To do:
Reproduce, unaltered, the line with "(count_list (replicate_each (e_word" along with every line that follows it in the records, up to the last.

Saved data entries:
+++

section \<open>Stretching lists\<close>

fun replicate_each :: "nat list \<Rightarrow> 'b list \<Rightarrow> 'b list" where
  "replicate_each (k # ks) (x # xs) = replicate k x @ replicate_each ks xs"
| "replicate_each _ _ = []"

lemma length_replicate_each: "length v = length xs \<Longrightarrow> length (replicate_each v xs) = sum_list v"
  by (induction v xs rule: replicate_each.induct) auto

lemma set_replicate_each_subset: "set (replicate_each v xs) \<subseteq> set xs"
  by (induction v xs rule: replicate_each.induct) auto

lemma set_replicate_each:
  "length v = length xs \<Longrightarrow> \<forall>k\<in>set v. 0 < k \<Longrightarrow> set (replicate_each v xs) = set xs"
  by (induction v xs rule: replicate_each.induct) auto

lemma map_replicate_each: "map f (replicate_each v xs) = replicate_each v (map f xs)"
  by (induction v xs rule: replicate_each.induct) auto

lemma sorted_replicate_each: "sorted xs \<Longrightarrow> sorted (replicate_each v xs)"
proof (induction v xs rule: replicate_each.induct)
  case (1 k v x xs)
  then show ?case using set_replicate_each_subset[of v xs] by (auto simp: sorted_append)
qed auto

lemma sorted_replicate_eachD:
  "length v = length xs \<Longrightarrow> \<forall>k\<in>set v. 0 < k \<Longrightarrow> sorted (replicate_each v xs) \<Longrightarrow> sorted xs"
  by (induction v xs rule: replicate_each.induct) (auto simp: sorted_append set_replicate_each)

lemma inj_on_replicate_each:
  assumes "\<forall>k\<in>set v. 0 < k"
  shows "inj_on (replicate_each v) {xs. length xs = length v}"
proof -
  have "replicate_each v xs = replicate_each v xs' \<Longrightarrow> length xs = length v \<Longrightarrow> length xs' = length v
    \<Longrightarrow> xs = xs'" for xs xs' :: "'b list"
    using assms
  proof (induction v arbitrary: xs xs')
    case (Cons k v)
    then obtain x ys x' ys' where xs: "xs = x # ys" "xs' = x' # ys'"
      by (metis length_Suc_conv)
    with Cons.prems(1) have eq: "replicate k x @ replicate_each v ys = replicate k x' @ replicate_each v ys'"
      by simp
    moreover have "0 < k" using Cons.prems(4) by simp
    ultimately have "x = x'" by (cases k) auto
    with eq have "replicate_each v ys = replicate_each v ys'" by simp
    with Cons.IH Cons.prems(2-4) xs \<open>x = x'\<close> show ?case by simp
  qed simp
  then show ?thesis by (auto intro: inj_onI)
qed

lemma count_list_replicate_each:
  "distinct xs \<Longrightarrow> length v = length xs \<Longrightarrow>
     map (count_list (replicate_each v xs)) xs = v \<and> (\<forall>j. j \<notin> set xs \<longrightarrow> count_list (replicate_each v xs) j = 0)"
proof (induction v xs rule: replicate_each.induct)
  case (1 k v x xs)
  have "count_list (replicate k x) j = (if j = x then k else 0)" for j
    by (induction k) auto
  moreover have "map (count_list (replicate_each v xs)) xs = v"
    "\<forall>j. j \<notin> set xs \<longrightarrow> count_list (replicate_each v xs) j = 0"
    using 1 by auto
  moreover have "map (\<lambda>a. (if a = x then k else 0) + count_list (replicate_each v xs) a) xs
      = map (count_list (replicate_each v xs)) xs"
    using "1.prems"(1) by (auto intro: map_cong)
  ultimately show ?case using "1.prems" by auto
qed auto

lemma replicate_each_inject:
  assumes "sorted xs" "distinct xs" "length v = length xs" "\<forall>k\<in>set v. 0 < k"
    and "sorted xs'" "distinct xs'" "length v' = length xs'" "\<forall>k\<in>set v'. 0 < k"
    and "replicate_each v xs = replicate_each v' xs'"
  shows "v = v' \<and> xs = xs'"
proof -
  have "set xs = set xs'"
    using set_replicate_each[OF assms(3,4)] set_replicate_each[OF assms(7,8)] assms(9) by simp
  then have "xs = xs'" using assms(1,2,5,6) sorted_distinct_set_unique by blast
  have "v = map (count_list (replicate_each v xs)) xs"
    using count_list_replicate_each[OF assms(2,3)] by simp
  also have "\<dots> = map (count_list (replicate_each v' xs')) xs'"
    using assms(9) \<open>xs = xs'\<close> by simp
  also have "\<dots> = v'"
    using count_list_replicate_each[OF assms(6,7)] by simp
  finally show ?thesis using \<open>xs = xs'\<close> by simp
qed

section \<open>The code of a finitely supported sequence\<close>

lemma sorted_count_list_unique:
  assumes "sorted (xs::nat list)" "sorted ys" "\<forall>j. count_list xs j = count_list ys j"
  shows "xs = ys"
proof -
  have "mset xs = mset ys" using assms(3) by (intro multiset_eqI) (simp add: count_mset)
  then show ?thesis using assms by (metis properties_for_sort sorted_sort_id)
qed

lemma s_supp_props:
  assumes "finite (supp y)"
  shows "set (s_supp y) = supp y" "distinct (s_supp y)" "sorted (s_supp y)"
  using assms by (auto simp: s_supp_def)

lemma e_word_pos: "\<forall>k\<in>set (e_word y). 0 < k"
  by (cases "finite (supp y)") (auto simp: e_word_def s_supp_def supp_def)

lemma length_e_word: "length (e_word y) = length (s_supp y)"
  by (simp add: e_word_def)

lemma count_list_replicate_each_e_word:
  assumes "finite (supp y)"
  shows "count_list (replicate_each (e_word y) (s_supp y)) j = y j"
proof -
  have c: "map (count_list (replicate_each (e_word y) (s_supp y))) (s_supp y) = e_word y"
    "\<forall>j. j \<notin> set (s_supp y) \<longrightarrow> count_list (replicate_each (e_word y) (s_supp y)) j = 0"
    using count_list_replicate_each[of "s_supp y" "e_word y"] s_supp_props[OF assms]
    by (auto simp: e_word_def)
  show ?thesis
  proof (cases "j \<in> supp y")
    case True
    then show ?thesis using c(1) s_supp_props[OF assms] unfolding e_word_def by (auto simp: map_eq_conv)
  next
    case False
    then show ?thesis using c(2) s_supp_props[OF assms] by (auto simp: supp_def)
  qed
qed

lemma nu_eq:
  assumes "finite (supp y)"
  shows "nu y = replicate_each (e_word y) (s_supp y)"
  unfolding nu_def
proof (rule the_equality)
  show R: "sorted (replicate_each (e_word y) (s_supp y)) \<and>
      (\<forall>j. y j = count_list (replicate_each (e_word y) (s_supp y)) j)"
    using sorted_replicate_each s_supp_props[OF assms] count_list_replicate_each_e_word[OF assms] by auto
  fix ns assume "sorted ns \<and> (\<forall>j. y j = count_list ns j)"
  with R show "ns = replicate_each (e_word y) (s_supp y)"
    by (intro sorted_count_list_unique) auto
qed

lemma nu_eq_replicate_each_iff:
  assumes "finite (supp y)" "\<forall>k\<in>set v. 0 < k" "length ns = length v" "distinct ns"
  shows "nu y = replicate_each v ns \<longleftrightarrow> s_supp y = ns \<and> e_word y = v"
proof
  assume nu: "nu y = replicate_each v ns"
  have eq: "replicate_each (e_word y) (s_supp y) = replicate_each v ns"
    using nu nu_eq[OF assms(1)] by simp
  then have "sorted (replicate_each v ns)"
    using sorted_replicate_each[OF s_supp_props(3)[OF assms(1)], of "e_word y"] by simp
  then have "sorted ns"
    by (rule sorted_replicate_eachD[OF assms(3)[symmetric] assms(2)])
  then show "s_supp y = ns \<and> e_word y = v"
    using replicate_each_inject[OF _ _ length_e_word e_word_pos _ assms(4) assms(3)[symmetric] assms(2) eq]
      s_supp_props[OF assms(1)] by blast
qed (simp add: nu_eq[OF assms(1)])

+++

Solution below:
  have c: "map (count_list (replicate_each (e_word y) (s_supp y))) (s_supp y) = e_word y"
    "\<forall>j. j \<notin> set (s_supp y) \<longrightarrow> count_list (replicate_each (e_word y) (s_supp y)) j = 0"
    using count_list_replicate_each[of "s_supp y" "e_word y"] s_supp_props[OF assms]
    by (auto simp: e_word_def)
  show ?thesis
  proof (cases "j \<in> supp y")
    case True
    then show ?thesis using c(1) s_supp_props[OF assms] unfolding e_word_def by (auto simp: map_eq_conv)
  next
    case False
    then show ?thesis using c(2) s_supp_props[OF assms] by (auto simp: supp_def)
  qed
qed

lemma nu_eq:
  assumes "finite (supp y)"
  shows "nu y = replicate_each (e_word y) (s_supp y)"
  unfolding nu_def
proof (rule the_equality)
  show R: "sorted (replicate_each (e_word y) (s_supp y)) \<and>
      (\<forall>j. y j = count_list (replicate_each (e_word y) (s_supp y)) j)"
    using sorted_replicate_each s_supp_props[OF assms] count_list_replicate_each_e_word[OF assms] by auto
  fix ns assume "sorted ns \<and> (\<forall>j. y j = count_list ns j)"
  with R show "ns = replicate_each (e_word y) (s_supp y)"
    by (intro sorted_count_list_unique) auto
qed

lemma nu_eq_replicate_each_iff:
  assumes "finite (supp y)" "\<forall>k\<in>set v. 0 < k" "length ns = length v" "distinct ns"
  shows "nu y = replicate_each v ns \<longleftrightarrow> s_supp y = ns \<and> e_word y = v"
proof
  assume nu: "nu y = replicate_each v ns"
  have eq: "replicate_each (e_word y) (s_supp y) = replicate_each v ns"
    using nu nu_eq[OF assms(1)] by simp
  then have "sorted (replicate_each v ns)"
    using sorted_replicate_each[OF s_supp_props(3)[OF assms(1)], of "e_word y"] by simp
  then have "sorted ns"
    by (rule sorted_replicate_eachD[OF assms(3)[symmetric] assms(2)])
  then show "s_supp y = ns \<and> e_word y = v"
    using replicate_each_inject[OF _ _ length_e_word e_word_pos _ assms(4) assms(3)[symmetric] assms(2) eq]
      s_supp_props[OF assms(1)] by blast
qed (simp add: nu_eq[OF assms(1)])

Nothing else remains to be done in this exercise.